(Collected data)
* * *

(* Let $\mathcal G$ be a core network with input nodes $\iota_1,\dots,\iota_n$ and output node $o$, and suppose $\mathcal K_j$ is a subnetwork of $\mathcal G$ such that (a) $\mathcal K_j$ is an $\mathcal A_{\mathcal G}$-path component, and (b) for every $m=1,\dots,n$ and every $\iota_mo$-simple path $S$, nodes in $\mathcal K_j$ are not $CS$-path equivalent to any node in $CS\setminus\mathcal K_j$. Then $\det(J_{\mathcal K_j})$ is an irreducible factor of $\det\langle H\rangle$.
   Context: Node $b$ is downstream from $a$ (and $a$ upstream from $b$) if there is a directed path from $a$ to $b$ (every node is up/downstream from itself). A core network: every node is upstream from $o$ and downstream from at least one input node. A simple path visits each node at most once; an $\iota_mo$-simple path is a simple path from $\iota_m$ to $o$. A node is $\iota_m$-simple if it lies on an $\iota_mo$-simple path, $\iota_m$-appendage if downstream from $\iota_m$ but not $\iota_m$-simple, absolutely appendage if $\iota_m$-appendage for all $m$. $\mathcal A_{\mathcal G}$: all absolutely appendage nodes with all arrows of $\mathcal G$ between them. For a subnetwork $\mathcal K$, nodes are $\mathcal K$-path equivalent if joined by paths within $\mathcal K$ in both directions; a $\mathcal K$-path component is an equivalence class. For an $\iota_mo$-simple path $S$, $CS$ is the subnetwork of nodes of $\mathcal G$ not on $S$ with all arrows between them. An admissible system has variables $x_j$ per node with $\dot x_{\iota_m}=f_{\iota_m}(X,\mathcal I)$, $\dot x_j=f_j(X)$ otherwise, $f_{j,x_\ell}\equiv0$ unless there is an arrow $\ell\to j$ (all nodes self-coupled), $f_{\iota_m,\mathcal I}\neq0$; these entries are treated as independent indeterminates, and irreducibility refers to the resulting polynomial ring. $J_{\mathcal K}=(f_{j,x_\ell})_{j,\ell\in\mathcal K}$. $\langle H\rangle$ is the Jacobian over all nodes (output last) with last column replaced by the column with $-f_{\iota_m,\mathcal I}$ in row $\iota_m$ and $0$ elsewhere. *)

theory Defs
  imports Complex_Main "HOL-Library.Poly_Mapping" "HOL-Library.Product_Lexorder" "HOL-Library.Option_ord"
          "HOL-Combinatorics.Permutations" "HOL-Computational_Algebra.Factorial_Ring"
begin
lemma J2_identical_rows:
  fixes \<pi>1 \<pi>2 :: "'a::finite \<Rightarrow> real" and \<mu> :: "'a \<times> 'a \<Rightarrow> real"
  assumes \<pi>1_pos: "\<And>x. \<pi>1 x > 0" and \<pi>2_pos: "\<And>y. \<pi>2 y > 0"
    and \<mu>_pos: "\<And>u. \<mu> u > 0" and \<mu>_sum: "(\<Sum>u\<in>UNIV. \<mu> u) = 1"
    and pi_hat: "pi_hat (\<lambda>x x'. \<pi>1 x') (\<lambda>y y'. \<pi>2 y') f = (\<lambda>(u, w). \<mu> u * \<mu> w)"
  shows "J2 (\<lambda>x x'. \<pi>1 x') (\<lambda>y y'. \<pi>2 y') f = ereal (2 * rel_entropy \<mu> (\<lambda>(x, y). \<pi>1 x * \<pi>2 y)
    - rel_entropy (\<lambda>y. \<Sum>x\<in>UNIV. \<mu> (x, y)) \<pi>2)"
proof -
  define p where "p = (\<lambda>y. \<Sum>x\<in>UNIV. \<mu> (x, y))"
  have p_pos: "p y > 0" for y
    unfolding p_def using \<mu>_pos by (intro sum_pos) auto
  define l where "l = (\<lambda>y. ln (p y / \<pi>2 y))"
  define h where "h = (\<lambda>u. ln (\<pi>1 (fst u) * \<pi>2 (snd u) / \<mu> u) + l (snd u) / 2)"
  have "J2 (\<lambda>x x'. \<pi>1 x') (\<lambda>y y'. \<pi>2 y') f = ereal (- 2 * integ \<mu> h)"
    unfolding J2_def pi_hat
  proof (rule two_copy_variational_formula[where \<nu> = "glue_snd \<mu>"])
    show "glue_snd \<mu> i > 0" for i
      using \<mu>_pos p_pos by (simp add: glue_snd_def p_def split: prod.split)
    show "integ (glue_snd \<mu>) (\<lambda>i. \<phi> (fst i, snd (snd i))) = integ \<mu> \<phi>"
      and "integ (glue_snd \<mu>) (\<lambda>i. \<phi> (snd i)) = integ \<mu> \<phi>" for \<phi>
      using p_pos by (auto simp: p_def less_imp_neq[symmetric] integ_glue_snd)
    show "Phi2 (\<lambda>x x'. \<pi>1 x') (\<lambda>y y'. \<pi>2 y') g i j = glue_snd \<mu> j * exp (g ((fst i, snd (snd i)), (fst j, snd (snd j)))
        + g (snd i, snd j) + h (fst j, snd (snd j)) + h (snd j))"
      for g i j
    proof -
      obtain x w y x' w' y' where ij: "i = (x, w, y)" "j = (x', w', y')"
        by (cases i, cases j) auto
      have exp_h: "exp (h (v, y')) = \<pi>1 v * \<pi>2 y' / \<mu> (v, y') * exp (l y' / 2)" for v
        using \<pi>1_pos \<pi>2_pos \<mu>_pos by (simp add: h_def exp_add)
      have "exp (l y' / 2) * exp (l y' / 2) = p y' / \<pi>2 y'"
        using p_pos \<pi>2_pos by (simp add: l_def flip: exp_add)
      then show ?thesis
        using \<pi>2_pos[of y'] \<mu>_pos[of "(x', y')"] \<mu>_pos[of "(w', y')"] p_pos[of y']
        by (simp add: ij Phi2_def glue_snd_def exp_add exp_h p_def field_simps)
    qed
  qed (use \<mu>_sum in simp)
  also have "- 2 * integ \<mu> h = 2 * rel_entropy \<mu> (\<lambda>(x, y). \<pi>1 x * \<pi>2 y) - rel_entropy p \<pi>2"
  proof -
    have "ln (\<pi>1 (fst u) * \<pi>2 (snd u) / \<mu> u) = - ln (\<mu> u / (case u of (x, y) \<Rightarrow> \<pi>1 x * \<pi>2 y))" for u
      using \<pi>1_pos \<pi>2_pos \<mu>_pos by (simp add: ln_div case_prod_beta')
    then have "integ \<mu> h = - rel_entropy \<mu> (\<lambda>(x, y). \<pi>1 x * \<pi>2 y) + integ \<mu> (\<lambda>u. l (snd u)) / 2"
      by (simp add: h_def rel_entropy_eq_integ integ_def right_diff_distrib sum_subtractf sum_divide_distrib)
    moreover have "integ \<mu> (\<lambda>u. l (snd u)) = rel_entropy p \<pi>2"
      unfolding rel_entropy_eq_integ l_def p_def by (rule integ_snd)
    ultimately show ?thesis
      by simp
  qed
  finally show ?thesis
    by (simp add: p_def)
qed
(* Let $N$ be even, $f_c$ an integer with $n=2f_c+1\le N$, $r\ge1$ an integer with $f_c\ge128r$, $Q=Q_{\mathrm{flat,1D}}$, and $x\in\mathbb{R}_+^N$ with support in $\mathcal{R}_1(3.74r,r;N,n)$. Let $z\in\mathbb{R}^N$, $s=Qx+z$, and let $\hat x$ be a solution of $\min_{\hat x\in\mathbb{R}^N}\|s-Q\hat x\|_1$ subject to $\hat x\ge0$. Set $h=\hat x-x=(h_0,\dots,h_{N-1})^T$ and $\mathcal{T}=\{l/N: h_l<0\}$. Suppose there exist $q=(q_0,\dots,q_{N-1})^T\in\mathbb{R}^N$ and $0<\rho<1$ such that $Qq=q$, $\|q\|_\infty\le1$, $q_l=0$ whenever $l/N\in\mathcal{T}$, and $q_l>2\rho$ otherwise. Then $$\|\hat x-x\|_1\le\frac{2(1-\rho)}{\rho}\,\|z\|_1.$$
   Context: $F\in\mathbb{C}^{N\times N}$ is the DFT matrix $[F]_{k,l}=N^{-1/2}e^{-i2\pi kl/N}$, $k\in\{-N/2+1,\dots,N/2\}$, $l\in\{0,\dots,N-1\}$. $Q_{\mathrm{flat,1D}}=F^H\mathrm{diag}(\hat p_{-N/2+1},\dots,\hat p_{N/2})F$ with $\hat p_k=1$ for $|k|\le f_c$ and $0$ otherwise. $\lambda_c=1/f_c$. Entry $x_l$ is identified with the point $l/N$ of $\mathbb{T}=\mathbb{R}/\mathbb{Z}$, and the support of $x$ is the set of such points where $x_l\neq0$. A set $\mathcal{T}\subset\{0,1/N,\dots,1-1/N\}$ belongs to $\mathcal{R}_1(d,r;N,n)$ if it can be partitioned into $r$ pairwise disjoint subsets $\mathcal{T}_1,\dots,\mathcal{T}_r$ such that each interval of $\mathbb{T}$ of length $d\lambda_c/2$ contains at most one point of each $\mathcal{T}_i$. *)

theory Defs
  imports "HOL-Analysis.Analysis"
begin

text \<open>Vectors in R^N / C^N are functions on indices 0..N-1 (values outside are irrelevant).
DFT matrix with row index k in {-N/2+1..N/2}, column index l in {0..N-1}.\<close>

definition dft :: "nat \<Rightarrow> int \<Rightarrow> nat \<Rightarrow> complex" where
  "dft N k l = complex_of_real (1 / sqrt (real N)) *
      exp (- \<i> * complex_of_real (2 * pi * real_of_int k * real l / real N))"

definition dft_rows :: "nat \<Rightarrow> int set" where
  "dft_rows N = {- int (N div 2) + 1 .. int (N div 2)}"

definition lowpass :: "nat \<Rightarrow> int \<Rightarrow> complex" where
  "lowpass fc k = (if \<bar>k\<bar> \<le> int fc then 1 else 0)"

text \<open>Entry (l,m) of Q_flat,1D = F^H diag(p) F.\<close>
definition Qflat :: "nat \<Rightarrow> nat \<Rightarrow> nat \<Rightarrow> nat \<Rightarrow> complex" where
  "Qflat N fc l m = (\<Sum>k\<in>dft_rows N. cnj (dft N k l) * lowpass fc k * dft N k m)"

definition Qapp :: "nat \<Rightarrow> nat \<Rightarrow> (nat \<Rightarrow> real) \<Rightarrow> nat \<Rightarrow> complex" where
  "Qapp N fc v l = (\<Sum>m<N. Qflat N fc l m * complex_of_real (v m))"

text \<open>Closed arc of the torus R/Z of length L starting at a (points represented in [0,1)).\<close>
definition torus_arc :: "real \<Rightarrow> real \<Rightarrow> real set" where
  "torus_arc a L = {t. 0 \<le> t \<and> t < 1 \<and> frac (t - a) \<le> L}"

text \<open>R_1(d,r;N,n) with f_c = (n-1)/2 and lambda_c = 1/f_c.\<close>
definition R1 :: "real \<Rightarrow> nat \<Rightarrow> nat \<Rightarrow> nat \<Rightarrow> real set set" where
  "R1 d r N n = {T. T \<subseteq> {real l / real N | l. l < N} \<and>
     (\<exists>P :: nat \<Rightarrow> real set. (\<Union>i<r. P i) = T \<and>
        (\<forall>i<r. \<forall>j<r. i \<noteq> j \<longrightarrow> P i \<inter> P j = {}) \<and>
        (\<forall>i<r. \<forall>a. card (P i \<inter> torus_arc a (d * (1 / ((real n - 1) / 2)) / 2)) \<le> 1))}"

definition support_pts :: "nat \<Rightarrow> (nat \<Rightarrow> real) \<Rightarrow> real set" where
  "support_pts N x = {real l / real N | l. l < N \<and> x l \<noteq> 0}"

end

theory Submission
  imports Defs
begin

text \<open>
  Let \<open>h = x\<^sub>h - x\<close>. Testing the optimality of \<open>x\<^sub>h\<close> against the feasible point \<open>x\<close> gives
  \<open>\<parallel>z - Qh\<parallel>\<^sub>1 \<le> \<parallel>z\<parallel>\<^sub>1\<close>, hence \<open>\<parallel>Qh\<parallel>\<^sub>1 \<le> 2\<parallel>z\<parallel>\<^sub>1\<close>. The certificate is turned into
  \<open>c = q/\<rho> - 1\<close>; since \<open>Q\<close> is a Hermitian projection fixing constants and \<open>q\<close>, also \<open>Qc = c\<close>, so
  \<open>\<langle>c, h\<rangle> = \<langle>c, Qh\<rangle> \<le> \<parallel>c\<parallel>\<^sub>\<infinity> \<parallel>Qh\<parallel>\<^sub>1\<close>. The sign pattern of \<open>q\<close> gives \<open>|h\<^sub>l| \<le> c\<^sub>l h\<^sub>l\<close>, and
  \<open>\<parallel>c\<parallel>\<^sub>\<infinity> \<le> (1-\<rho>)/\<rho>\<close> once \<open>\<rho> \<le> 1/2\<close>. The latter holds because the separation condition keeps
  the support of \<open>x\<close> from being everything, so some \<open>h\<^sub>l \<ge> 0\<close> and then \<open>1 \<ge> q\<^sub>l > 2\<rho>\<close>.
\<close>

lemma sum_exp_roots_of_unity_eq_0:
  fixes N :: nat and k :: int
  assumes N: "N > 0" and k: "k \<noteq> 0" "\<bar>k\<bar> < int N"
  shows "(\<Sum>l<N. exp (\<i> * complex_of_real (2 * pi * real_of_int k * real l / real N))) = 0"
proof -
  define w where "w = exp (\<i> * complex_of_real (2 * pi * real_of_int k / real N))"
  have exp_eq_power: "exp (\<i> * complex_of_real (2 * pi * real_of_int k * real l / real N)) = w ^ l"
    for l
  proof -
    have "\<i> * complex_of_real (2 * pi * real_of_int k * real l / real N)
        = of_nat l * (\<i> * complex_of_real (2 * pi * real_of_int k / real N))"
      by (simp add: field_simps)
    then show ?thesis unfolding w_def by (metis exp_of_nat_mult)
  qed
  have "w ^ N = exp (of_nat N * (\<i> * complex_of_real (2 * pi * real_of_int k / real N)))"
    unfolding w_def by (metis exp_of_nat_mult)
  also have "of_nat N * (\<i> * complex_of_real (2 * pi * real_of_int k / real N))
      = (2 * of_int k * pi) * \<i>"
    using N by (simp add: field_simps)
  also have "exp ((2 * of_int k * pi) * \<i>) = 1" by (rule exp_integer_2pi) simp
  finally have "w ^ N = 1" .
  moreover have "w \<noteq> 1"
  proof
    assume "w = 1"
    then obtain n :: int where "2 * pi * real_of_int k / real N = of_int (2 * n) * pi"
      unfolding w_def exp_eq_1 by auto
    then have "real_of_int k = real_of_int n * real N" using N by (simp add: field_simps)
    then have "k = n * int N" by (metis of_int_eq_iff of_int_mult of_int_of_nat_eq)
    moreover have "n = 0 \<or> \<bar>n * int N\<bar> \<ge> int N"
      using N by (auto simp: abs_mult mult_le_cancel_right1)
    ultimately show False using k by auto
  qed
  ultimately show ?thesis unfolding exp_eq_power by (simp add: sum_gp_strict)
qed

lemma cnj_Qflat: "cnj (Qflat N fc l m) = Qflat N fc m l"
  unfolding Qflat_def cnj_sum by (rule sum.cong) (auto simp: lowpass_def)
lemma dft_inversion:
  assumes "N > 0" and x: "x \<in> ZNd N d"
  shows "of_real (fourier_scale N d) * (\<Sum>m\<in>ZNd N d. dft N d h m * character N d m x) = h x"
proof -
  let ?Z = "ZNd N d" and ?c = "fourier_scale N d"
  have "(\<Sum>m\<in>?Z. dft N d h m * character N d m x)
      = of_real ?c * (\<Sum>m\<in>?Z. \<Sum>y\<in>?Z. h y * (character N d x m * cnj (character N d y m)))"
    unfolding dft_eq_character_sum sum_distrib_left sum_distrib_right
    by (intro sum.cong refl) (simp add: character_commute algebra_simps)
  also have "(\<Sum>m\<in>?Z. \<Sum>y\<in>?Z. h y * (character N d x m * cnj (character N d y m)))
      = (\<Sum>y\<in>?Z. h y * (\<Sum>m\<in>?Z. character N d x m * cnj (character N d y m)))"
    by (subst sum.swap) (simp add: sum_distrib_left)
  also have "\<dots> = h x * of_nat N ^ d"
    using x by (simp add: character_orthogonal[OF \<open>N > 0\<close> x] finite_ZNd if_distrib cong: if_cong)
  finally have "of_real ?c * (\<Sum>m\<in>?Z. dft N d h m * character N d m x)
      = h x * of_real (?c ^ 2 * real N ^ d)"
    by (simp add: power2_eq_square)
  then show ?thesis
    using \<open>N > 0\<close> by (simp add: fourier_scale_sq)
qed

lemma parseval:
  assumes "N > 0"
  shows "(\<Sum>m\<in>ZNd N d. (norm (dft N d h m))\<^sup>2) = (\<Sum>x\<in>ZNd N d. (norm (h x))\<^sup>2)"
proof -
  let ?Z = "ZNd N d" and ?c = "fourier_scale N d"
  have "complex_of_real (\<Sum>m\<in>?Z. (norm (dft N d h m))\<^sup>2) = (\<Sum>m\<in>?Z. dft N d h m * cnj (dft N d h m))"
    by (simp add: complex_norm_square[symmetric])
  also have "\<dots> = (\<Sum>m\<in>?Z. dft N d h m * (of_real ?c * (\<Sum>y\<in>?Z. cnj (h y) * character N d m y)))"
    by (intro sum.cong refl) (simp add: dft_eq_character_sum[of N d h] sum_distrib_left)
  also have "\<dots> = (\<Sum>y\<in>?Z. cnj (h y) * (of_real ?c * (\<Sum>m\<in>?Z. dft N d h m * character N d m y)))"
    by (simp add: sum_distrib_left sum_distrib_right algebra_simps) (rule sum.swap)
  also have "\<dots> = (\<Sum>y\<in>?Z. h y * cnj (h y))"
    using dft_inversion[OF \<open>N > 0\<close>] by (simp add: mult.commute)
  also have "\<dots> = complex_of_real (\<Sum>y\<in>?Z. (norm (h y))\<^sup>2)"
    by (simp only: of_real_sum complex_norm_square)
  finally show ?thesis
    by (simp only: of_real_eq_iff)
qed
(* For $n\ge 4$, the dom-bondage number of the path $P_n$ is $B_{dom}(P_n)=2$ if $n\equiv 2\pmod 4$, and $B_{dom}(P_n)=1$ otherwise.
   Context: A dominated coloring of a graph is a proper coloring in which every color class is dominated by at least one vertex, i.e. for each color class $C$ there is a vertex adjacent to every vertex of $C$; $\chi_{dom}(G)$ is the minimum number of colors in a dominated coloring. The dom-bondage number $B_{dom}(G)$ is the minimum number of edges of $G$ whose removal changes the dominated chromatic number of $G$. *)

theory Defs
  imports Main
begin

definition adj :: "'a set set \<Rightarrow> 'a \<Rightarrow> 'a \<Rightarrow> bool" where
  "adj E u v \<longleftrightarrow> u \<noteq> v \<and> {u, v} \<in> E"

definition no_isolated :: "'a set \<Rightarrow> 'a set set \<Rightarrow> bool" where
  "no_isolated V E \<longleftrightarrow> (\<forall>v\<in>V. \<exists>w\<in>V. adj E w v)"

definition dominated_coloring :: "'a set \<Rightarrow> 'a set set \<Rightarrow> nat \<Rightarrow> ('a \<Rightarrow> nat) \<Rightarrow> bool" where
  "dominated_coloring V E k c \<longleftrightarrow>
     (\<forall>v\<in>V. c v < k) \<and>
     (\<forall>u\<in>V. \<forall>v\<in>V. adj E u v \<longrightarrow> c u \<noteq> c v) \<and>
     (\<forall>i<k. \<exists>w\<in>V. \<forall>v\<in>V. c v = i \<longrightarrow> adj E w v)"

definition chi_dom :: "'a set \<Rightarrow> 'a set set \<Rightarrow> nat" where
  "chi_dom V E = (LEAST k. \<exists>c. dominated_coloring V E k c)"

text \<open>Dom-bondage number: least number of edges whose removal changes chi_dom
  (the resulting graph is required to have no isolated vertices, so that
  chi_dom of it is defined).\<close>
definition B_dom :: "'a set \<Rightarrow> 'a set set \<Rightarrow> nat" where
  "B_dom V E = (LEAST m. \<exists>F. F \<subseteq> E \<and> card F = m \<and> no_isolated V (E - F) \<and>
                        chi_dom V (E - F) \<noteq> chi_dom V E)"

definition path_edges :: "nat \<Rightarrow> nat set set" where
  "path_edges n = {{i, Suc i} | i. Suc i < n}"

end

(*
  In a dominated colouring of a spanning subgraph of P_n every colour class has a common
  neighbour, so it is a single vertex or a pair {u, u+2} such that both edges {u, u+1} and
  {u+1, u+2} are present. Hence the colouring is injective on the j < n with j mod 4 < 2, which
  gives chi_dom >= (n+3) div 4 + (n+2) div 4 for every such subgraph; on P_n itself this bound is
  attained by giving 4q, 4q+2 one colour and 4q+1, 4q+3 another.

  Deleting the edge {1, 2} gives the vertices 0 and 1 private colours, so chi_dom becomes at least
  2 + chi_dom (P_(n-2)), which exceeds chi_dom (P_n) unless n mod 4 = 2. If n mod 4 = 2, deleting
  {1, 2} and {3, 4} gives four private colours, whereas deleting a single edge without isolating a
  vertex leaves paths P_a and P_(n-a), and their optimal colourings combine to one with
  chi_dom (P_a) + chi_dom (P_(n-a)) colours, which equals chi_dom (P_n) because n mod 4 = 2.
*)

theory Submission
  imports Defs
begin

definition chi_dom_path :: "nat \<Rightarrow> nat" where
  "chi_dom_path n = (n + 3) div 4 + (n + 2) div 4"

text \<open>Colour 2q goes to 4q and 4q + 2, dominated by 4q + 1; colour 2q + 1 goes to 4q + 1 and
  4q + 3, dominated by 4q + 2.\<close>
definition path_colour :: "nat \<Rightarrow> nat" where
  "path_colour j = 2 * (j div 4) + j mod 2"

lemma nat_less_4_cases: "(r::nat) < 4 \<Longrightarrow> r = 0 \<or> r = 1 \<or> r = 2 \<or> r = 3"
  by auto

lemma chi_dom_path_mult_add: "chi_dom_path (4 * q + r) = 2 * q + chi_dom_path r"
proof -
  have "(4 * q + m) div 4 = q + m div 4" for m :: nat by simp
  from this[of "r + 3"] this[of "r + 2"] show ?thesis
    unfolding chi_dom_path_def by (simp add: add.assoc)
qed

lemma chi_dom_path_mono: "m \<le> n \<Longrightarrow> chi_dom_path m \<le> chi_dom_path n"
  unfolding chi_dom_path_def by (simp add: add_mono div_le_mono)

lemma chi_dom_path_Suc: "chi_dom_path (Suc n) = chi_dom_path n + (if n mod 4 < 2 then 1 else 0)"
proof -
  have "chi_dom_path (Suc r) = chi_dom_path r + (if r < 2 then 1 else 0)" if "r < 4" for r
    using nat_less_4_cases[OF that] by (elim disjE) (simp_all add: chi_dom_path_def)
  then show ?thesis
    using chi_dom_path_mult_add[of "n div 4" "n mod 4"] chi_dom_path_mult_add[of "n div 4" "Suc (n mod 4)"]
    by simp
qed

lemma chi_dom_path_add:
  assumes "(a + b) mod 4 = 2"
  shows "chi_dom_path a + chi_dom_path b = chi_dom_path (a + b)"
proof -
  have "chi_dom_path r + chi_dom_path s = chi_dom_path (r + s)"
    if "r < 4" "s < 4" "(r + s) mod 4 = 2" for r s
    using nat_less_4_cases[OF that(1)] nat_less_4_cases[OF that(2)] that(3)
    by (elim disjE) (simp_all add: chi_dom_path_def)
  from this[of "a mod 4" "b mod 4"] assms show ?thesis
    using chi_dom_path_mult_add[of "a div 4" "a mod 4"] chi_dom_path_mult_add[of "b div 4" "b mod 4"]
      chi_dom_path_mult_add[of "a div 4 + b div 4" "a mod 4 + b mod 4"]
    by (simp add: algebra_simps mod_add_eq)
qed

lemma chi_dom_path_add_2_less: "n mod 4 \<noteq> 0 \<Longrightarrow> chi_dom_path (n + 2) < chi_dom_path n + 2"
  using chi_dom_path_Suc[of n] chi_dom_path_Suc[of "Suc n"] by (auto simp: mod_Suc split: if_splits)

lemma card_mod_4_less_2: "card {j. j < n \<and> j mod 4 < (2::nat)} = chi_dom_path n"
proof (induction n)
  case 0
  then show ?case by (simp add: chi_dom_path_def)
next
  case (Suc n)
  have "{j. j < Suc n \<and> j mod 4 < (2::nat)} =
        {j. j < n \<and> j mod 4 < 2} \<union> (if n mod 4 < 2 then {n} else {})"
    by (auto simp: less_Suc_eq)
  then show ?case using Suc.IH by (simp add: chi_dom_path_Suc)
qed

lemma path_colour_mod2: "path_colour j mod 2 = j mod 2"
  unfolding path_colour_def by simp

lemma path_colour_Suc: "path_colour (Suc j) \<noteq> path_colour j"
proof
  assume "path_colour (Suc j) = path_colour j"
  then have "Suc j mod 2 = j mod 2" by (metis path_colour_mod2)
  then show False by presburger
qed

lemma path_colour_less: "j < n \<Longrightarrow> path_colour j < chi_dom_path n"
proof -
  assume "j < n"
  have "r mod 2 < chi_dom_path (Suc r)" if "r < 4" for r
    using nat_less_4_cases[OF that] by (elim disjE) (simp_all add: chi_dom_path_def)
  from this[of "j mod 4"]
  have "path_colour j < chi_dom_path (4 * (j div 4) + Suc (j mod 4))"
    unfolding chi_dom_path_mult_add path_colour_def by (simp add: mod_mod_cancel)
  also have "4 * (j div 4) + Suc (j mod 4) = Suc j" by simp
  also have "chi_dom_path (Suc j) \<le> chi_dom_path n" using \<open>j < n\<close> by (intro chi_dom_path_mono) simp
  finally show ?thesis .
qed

* * *

• [DESCRIPTION OF THE TASK]
Your answer should be the exact lines above from the one with "also \<open>Qc = c\<close>, so" through the one with "c\<^sub>l h\<^sub>l\<close>, and", both included, and nothing besides.

• [SOLUTION]
  \<open>c = q/\<rho> - 1\<close>; since \<open>Q\<close> is a Hermitian projection fixing constants and \<open>q\<close>, also \<open>Qc = c\<close>, so
  \<open>\<langle>c, h\<rangle> = \<langle>c, Qh\<rangle> \<le> \<parallel>c\<parallel>\<^sub>\<infinity> \<parallel>Qh\<parallel>\<^sub>1\<close>. The sign pattern of \<open>q\<close> gives \<open>|h\<^sub>l| \<le> c\<^sub>l h\<^sub>l\<close>, and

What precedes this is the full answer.